TUESDAY, March 23, 2021 (HealthDay News) — For patients with inflammatory bowel disease (IBD), infliximab is associated with attenuated serological responses to severe acute respiratory syndrome coronavirus 2 (SARS-CoV-2), according to a study published online March 22 in Gut.

Nicholas A. Kennedy, M.B.B.S., from the Royal Devon and Exeter NHS Foundation Trust in the United Kingdom, and colleagues compared antibody responses in patients with IBD treated with infliximab compared to a reference cohort treated with vedolizumab. Between Sept. 22 and Dec. 23, 2020, 6,935 patients were recruited from 92 U.K. hospitals.
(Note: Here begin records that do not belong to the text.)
lemma principal_band_decomposition:
  fixes p z :: "'b::{ordered_real_vector, conditionally_complete_lattice}"
  assumes "0 \<le> p"
  shows "\<exists>b \<in> disj_compl (disj_compl {p}). z - b \<in> disj_compl {p}"
proof -
  let ?B = "disj_compl (disj_compl {p})"
  have B: "band ?B" and C: "band (disj_compl {p})" by (rule band_disj_compl)+
  have pB: "p \<in> ?B" using subset_disj_compl_disj_compl by blast
  have nonneg: "\<exists>b \<in> ?B. w - b \<in> disj_compl {p}" if w: "0 \<le> w" for w
  proof
    let ?s = "Sup (range (\<lambda>n::nat. inf w (real n *\<^sub>R p)))"
    have "inf w (real n *\<^sub>R p) \<in> ?B" for n
      using w assms by (intro band_nonneg_below[OF B band_scaleR[OF B pB, of "real n"]]) (simp_all add: scaleR_nonneg_nonneg)
    then show "?s \<in> ?B"
      by (intro band_cSup[OF B]) (auto simp: bdd_above_def intro!: exI[of _ w])
    show "w - ?s \<in> disj_compl {p}"
      using disj_sub_Sup_inf_multiples(2)[OF w assms] by (simp add: mem_disj_compl disj_sym)
  qed
  obtain b1 b2 where "b1 \<in> ?B" "pos_part z - b1 \<in> disj_compl {p}"
    and "b2 \<in> ?B" "neg_part z - b2 \<in> disj_compl {p}"
    using nonneg[OF pos_part_nonneg] nonneg[OF neg_part_nonneg] by blast
  then have "b1 - b2 \<in> ?B" "(pos_part z - b1) - (neg_part z - b2) \<in> disj_compl {p}"
    using band_diff[OF B] band_diff[OF C] by blast+
  moreover have "(pos_part z - b1) - (neg_part z - b2) = z - (b1 - b2)"
    using pos_part_minus_neg_part[of z] by (simp add: algebra_simps)
  ultimately show ?thesis by metis
qed

definition band_proj_onto :: "('b::{ordered_real_vector, conditionally_complete_lattice} \<Rightarrow> 'b) \<Rightarrow> 'b set \<Rightarrow> bool" where
  "band_proj_onto \<rho> B \<longleftrightarrow> band B \<and> (\<forall>x. \<rho> x \<in> B \<and> x - \<rho> x \<in> disj_compl B)"

lemma band_proj_iff_onto: "band_proj \<rho> \<longleftrightarrow> (\<exists>B. band_proj_onto \<rho> B)"
  by (simp add: band_proj_def band_proj_onto_def)

lemma band_proj_ontoD:
  assumes "band_proj_onto \<rho> B"
  shows "band B" "\<rho> x \<in> B" "x - \<rho> x \<in> disj_compl B"
  using assms by (simp_all add: band_proj_onto_def)

lemma band_proj_onto_eqI:
  assumes "band_proj_onto \<rho> B" "b \<in> B" "z - b \<in> disj_compl B"
  shows "\<rho> z = b"
proof -
  have "\<rho> z - b \<in> B" by (rule band_diff[OF band_proj_ontoD(1,2)[OF assms(1)] assms(2)])
  moreover have "(z - b) - (z - \<rho> z) \<in> disj_compl B"
    by (rule band_diff[OF band_disj_compl assms(3) band_proj_ontoD(3)[OF assms(1)]])
  then have "\<rho> z - b \<in> disj_compl B" by simp
  ultimately have "\<rho> z - b = 0" by (rule eq_0_if_mem_disj_compl)
  then show ?thesis by simp
qed

lemma band_proj_onto_fixes: "band_proj_onto \<rho> B \<Longrightarrow> b \<in> B \<Longrightarrow> \<rho> b = b"
  by (rule band_proj_onto_eqI) (simp_all add: band_zero band_disj_compl)

lemma band_proj_onto_eq_0: "band_proj_onto \<rho> B \<Longrightarrow> z \<in> disj_compl B \<Longrightarrow> \<rho> z = 0"
  by (rule band_proj_onto_eqI) (simp_all add: band_zero band_proj_ontoD(1))

lemma band_proj_onto_range: "band_proj \<rho> \<Longrightarrow> band_proj_onto \<rho> (range \<rho>)"
proof -
  assume "band_proj \<rho>"
  then obtain B where B: "band_proj_onto \<rho> B" by (auto simp: band_proj_iff_onto)
  have "range \<rho> = B"
  proof
    show "range \<rho> \<subseteq> B" using band_proj_ontoD(2)[OF B] by blast
    show "B \<subseteq> range \<rho>" using band_proj_onto_fixes[OF B] by (metis rangeI subsetI)
  qed
  with B show ?thesis by simp
qed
The researchers found that between the groups, the rates of symptomatic and proven SARS-CoV-2 infection were similar. Compared with vedolizumab-treated patients, infliximab-treated patients had lower seroprevalence (3.4 versus 6.0 percent). Infliximab and immunomodulatory use were independently associated with lower seropositivity in multivariable analyses (odds ratios, 0.66 and 0.70, respectively). Seroconversion occurred in fewer infliximab-treated versus vedolizumab-treated patients among those with confirmed SARS-CoV-2 infection (48 versus 83 percent), and the magnitude of anti-SARS-CoV-2 reactivity was lower (median, 0.8 versus 37.0 cutoff index).
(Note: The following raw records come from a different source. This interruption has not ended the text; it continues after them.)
lemma exists_admissible:
  assumes "simple_graph V E" "connected_on V E" "S \<subseteq> V" "card S \<ge> 1"
  shows "\<exists>X A B. admissible V E S ((card S + 1) div 2) X A B"
proof (cases "card S = 1")
  case True
  then obtain s where S: "S = {s}" by (rule card_1_singletonE)
  have "card C \<le> 1" if "C \<subseteq> {s} \<or> C \<subseteq> {}" for C
    using that card_mono[of "{s}" C] by auto
  then have "admissible V E S ((card S + 1) div 2) {s} {s} {}"
    using assms(3) unfolding admissible_def S by (simp add: connected_on_singleton)
  then show ?thesis by blast
next
  case False
  have fin: "finite V" and sym: "\<And>a b. E a b \<Longrightarrow> E b a"
    using assms(1) unfolding simple_graph_def by auto
  obtain X where X: "X \<subseteq> V" "S \<subseteq> X" "connected_on X E" "min_connected E S X"
    by (rule exists_min_connected[OF fin assms(2,3)])
  have finX: "finite X" using X(1) fin finite_subset by blast
  have "S \<noteq> {}" using assms(4) by auto
  then obtain r where r: "r \<in> S" by blast
  have "2 \<le> card S" using False assms(4) by simp
  then obtain A B where col: "halving_colouring E X (card S) r A B"
    using halving_colouring_exists[OF sym finX X(3,2,4) r] by blast
  then have part: "A \<union> B = X" "A \<inter> B = {}"
    and small: "\<And>C. connected_on C E \<Longrightarrow> C \<subseteq> A \<or> C \<subseteq> B \<Longrightarrow> card C \<le> (card S + 1) div 2"
    unfolding halving_colouring_def by auto
  obtain A' B' where A'B': "A' \<union> B' = X" "A' \<inter> B' = {}" "cross_edges E A B \<le> cross_edges E A' B'"
    "connected_on X (cross_edges E A' B')"
    by (rule exists_recolouring_cross_connected[OF finX X(3) part sym])
  have "card C \<le> (card S + 1) div 2" if "connected_on C E" "C \<subseteq> A' \<or> C \<subseteq> B'" for C
  proof (rule small[OF that(1)])
    have "C \<subseteq> A \<union> B" using that(2) A'B'(1) part(1) by blast
    then show "C \<subseteq> A \<or> C \<subseteq> B" by (rule monochromatic_of_cross_edges_le[OF A'B'(2,3) that _ sym])
  qed
  with X A'B'(1,2,4) have "admissible V E S ((card S + 1) div 2) X A' B'"
    unfolding admissible_def by blast
  then show ?thesis by blast
qed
“Impaired serological responses to SARS-CoV-2 infection might have important implications for global public health policy and millions of anti-tumor necrosis factor treated patients,” the authors write. “Serological testing and virus surveillance should be considered to detect suboptimal vaccine responses, persistent infection and viral evolution to inform public health policy.”

Several authors disclosed financial ties to the biopharmaceutical industry; F. Hoffmann-La Roche, Biogen GmbH, and Celltrion Healthcare funded the study.